# [EXERCISE AIM]
In the records below, find the lines that include "UNIV" and copy each.

Dataset items:

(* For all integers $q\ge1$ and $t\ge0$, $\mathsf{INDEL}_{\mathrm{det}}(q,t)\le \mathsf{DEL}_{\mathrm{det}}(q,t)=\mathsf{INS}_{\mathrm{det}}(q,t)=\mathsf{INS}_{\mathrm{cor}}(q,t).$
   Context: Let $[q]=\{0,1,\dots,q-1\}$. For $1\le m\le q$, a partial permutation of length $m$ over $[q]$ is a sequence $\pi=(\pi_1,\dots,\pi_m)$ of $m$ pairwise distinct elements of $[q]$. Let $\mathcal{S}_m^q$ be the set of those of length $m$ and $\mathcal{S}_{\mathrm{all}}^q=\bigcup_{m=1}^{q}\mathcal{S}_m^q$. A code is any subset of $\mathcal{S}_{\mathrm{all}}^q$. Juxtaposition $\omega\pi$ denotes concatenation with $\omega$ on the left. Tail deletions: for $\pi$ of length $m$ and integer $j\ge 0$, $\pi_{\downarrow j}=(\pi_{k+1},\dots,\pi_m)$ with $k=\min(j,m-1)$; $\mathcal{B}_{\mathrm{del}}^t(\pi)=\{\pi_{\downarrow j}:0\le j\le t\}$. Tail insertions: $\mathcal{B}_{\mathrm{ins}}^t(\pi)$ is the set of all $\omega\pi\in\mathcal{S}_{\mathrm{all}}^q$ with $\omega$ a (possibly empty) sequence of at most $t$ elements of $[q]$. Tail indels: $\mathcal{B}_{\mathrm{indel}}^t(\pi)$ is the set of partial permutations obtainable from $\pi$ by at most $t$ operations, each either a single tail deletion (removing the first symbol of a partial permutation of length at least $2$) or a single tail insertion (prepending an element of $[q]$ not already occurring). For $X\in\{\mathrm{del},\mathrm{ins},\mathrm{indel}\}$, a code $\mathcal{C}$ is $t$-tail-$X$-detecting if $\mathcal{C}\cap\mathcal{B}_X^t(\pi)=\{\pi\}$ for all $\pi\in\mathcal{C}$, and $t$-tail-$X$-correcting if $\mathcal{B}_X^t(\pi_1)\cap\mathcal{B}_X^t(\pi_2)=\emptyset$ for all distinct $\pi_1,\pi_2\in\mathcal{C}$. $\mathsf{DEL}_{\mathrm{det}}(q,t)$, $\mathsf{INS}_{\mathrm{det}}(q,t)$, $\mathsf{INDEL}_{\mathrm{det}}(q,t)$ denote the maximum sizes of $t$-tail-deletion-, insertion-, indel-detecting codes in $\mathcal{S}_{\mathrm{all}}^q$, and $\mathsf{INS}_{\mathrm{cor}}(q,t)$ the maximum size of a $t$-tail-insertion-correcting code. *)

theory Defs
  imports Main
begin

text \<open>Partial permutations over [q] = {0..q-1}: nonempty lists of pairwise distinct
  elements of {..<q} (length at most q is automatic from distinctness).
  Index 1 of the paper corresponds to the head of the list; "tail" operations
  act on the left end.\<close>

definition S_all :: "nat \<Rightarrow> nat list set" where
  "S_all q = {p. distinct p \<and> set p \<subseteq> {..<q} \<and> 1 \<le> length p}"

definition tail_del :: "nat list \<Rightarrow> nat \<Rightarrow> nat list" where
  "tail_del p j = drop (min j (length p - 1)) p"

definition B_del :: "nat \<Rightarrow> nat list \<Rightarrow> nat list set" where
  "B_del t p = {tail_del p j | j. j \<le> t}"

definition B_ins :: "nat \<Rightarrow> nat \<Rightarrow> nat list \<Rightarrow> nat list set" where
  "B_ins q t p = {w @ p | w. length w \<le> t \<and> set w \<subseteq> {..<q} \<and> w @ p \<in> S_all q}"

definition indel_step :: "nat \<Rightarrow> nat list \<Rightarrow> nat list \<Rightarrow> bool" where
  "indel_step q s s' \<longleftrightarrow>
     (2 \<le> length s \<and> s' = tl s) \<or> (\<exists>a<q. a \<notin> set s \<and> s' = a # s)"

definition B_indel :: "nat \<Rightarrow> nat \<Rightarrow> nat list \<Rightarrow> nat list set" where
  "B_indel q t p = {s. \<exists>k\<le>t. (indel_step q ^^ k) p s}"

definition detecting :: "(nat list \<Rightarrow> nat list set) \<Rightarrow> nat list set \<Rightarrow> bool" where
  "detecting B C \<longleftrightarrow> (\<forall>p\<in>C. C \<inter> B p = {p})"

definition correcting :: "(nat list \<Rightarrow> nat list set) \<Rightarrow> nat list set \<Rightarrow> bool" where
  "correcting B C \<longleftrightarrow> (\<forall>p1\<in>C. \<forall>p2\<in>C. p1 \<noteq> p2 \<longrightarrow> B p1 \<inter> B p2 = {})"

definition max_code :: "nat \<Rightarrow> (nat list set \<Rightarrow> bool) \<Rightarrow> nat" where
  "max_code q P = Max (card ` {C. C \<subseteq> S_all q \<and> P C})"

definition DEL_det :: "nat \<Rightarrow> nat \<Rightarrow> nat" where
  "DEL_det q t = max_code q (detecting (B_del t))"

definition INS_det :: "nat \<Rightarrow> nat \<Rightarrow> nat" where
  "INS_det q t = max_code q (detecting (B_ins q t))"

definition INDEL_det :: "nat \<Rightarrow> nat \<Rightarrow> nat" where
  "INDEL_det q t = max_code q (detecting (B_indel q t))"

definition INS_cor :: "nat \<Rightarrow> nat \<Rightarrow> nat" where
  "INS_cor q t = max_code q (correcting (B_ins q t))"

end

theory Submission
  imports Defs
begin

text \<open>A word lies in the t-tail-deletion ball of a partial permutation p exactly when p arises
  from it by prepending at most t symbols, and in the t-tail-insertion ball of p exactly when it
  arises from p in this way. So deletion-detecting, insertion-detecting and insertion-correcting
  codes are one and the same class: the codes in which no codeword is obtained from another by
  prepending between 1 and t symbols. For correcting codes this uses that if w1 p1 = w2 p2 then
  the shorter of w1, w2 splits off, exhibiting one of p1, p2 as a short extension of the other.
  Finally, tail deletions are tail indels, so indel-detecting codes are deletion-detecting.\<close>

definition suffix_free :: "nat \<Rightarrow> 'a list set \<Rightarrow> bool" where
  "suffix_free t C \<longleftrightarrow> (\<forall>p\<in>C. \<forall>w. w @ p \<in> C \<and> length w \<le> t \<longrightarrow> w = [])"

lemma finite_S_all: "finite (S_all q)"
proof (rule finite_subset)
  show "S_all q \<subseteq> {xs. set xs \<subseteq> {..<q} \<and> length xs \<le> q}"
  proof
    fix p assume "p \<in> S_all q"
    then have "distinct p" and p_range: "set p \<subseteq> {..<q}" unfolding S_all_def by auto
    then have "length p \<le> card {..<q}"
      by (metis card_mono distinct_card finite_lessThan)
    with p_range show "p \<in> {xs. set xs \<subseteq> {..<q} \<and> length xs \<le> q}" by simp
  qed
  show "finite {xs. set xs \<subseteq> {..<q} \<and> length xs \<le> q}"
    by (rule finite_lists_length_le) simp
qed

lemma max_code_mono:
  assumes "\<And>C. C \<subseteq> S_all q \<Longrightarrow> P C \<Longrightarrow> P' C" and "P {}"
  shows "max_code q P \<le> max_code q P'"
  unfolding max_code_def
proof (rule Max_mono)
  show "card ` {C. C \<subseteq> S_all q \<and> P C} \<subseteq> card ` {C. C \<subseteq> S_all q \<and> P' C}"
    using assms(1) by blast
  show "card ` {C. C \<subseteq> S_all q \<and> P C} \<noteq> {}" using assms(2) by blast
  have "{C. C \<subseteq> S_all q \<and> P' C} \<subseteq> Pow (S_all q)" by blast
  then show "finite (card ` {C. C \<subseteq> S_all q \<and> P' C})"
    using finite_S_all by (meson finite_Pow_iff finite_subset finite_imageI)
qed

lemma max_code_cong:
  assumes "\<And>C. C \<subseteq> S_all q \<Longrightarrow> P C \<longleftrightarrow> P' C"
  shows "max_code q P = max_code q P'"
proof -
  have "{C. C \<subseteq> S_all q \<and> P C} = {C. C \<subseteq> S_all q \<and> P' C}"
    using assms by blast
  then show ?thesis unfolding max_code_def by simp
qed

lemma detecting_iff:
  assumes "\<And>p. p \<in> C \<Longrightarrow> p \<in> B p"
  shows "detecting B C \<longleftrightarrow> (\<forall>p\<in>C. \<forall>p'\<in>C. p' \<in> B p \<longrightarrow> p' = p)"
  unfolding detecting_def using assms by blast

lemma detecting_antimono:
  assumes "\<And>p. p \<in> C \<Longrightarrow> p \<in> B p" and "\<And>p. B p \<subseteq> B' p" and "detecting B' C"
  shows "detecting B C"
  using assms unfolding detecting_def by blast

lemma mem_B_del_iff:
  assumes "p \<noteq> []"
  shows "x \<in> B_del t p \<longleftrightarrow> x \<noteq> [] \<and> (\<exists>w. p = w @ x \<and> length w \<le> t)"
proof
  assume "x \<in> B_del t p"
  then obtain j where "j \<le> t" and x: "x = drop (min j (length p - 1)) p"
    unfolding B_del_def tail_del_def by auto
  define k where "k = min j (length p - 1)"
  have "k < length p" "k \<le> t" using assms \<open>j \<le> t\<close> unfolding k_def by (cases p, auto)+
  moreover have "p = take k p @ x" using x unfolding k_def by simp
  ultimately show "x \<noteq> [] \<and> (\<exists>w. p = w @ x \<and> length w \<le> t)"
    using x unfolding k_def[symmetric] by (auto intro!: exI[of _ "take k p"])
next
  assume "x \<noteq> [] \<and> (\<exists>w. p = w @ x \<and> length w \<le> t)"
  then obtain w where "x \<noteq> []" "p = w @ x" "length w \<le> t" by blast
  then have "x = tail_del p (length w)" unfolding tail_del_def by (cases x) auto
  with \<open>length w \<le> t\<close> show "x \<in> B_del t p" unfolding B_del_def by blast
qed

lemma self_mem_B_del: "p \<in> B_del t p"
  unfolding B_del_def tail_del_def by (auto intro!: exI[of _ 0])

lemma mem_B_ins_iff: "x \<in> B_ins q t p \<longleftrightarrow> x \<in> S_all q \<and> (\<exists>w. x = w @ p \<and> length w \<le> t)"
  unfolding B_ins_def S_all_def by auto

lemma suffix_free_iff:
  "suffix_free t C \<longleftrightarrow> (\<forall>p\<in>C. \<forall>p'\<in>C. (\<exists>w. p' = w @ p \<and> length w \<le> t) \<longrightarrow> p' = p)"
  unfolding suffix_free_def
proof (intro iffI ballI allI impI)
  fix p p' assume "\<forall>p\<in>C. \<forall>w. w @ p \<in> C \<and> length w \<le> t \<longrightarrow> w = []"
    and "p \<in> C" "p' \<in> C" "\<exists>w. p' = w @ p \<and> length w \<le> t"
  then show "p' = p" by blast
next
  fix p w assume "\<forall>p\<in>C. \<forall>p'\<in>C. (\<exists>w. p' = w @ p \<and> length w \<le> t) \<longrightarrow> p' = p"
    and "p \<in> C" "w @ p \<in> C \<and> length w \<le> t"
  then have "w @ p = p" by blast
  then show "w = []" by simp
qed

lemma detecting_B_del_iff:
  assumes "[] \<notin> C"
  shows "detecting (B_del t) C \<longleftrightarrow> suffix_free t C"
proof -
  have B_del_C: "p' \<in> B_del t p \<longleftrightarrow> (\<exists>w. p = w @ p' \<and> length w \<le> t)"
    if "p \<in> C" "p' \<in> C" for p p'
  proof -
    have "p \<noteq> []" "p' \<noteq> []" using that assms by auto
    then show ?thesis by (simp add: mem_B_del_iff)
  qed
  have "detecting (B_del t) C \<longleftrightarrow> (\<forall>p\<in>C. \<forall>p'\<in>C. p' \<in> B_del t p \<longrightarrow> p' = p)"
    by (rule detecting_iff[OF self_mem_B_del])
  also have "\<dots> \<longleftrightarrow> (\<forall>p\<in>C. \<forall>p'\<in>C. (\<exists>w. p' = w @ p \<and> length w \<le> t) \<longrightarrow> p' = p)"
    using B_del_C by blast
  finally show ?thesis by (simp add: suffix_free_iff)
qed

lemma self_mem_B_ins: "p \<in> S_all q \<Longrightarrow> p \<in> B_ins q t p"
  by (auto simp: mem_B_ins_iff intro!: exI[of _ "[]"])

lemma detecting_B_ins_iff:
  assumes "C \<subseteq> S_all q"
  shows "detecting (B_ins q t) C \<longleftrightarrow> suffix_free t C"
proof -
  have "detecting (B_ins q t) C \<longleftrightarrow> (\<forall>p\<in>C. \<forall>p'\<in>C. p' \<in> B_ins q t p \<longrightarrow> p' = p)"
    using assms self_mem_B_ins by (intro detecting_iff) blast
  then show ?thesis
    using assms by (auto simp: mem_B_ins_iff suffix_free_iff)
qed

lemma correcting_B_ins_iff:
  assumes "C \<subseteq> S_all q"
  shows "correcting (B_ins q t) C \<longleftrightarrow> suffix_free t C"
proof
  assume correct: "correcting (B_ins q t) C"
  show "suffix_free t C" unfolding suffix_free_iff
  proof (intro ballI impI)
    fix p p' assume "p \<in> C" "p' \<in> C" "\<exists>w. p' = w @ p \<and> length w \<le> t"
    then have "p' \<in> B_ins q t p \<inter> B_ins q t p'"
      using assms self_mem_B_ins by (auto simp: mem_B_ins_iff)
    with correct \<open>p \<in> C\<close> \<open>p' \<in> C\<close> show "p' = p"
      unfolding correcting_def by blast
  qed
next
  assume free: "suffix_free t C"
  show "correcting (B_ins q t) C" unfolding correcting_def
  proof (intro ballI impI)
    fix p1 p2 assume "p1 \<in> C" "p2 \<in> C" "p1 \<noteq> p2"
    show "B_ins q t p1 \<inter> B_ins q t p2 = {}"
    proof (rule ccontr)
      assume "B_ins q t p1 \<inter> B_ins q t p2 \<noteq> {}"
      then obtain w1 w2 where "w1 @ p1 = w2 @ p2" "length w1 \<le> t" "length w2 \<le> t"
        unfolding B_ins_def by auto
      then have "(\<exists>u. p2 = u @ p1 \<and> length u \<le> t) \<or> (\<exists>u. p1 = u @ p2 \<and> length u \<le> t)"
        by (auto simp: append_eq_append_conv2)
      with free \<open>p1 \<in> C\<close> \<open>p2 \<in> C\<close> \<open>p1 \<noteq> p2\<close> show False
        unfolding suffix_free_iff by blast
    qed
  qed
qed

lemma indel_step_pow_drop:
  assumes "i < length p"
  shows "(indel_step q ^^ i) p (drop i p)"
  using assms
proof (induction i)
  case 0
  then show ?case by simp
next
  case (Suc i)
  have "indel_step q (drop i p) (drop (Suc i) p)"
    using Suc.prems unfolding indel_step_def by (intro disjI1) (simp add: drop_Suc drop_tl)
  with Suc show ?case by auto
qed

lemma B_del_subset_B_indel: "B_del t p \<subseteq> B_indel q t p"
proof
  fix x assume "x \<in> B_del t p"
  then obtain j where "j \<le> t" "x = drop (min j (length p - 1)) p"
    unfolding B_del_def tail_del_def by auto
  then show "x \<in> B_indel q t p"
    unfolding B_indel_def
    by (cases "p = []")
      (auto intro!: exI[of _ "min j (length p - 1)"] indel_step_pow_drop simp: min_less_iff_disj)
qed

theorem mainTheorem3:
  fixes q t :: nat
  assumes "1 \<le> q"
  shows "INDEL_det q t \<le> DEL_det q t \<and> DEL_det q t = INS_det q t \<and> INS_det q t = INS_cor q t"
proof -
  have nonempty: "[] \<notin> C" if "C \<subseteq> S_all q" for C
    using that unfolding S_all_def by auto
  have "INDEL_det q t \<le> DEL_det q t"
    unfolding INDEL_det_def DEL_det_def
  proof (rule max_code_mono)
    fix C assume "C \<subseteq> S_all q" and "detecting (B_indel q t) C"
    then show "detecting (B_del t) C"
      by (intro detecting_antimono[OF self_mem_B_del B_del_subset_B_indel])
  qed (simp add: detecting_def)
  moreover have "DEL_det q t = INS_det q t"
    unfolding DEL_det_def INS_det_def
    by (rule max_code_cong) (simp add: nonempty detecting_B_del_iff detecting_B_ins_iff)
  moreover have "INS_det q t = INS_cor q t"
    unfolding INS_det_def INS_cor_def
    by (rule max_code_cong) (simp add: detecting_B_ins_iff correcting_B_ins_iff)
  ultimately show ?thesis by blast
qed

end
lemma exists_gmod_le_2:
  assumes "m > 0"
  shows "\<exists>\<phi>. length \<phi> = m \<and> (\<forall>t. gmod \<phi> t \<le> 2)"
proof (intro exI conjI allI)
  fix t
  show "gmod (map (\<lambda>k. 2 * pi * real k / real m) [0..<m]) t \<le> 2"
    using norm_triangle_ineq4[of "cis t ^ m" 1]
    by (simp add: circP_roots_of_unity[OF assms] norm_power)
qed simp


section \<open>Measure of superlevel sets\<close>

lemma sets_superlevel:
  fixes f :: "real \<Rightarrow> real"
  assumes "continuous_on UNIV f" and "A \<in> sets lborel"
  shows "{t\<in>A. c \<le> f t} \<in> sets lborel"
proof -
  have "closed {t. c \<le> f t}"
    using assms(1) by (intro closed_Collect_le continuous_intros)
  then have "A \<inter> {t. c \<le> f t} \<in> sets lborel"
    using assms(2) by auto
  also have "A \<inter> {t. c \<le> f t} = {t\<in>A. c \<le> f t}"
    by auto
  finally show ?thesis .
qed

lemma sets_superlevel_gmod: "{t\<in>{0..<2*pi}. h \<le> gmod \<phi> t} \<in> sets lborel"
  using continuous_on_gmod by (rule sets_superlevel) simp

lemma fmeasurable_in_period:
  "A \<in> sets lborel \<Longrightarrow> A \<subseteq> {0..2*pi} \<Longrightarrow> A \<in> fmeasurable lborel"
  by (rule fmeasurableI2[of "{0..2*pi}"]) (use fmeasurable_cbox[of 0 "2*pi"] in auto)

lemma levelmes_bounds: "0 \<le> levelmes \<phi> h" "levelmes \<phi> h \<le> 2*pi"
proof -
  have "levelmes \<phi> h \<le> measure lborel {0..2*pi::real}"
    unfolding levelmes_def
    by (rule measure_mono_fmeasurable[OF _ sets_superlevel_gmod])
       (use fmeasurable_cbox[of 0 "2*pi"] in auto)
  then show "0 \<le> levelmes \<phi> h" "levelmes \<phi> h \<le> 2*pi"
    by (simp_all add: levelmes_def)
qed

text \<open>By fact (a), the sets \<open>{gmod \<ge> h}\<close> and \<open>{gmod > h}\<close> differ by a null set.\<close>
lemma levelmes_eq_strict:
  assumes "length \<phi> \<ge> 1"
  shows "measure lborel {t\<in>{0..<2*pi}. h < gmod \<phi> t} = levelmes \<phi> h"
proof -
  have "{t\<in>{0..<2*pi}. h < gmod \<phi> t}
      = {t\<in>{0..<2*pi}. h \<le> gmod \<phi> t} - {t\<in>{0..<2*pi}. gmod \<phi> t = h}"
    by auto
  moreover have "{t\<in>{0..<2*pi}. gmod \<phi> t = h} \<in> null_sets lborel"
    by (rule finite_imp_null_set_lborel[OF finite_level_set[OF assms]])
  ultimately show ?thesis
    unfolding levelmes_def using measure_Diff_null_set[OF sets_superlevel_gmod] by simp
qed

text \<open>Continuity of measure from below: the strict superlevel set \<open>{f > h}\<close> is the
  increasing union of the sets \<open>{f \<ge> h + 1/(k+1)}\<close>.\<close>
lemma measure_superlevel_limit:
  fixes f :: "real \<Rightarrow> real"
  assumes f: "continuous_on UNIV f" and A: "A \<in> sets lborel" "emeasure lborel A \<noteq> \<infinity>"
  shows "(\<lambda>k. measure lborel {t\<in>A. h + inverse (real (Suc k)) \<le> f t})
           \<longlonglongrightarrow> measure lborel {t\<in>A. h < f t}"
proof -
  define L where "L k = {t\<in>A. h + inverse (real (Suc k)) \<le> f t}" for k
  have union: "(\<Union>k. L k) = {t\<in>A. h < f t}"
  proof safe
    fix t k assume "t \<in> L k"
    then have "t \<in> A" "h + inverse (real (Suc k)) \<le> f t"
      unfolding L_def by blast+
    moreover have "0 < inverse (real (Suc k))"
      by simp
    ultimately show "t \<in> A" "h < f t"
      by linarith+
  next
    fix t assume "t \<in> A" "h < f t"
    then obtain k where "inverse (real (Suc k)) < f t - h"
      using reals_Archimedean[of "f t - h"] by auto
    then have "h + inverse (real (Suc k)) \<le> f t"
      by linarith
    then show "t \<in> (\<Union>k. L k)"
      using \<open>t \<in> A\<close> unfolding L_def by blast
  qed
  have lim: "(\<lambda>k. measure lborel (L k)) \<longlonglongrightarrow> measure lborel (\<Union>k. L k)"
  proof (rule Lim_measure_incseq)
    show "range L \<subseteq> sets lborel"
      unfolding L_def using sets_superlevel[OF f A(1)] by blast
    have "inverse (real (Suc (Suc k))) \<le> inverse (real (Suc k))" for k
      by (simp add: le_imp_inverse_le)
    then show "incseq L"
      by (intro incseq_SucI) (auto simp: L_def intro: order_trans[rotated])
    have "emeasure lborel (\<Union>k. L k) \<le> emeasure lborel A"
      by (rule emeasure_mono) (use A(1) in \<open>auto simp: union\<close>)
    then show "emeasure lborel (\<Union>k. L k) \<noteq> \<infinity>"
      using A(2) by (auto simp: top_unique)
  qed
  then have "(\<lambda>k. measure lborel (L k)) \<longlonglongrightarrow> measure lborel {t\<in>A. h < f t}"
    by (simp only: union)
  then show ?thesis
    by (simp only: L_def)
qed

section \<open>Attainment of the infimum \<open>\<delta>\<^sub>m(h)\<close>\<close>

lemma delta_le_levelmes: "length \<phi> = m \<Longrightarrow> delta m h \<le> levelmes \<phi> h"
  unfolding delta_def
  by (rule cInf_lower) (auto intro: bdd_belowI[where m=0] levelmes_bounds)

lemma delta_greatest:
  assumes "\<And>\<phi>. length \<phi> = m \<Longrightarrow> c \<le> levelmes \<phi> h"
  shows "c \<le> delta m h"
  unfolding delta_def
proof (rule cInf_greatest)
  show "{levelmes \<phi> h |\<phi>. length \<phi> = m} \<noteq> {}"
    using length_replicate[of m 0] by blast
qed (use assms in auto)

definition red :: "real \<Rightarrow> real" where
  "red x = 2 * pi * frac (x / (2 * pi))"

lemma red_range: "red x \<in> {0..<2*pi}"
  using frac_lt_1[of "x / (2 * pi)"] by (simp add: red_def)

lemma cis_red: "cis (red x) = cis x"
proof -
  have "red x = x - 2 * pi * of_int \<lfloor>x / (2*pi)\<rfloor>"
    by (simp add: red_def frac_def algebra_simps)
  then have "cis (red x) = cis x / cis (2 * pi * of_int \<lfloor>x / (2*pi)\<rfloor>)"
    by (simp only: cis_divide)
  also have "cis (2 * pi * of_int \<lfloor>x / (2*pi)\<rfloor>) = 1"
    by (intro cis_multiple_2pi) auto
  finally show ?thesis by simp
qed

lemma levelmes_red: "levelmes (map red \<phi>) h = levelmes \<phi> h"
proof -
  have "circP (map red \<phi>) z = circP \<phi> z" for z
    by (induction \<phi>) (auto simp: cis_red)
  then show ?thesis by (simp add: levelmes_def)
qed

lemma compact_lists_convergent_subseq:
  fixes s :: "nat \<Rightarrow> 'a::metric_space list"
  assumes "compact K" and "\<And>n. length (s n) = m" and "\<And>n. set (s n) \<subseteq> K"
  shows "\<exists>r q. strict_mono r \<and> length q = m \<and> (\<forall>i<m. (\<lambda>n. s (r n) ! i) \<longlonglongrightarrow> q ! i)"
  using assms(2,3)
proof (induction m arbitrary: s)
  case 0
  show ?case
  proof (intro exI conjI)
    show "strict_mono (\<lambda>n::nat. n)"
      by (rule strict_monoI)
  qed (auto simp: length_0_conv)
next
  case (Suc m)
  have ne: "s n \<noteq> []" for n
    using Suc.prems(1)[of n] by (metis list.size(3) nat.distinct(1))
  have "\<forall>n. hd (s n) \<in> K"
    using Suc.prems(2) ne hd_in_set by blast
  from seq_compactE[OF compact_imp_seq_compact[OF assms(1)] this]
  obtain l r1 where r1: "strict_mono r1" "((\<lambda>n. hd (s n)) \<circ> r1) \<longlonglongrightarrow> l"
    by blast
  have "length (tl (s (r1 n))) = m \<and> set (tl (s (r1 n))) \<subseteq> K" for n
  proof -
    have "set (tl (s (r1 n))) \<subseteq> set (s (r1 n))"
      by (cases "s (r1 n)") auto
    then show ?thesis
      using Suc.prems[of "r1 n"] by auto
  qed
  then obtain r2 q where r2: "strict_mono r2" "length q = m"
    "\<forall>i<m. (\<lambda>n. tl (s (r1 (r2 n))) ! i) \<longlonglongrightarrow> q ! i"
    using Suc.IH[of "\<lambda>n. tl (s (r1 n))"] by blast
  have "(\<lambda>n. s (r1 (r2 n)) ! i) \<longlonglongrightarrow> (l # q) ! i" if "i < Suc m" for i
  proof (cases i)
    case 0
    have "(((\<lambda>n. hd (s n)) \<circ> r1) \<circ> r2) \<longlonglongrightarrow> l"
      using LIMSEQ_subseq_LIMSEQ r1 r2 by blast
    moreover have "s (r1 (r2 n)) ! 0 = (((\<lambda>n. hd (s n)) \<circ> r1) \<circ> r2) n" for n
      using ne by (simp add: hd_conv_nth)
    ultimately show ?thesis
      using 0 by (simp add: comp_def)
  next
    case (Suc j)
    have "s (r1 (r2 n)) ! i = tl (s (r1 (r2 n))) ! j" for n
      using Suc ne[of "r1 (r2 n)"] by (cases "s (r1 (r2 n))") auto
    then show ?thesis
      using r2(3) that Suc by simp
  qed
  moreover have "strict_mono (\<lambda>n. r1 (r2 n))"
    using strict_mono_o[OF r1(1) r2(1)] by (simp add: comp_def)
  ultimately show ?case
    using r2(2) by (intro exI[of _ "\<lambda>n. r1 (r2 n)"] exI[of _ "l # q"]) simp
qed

# [EXERCISE RESULT]
  assumes "continuous_on UNIV f" and "A \<in> sets lborel"
  assumes f: "continuous_on UNIV f" and A: "A \<in> sets lborel" "emeasure lborel A \<noteq> \<infinity>"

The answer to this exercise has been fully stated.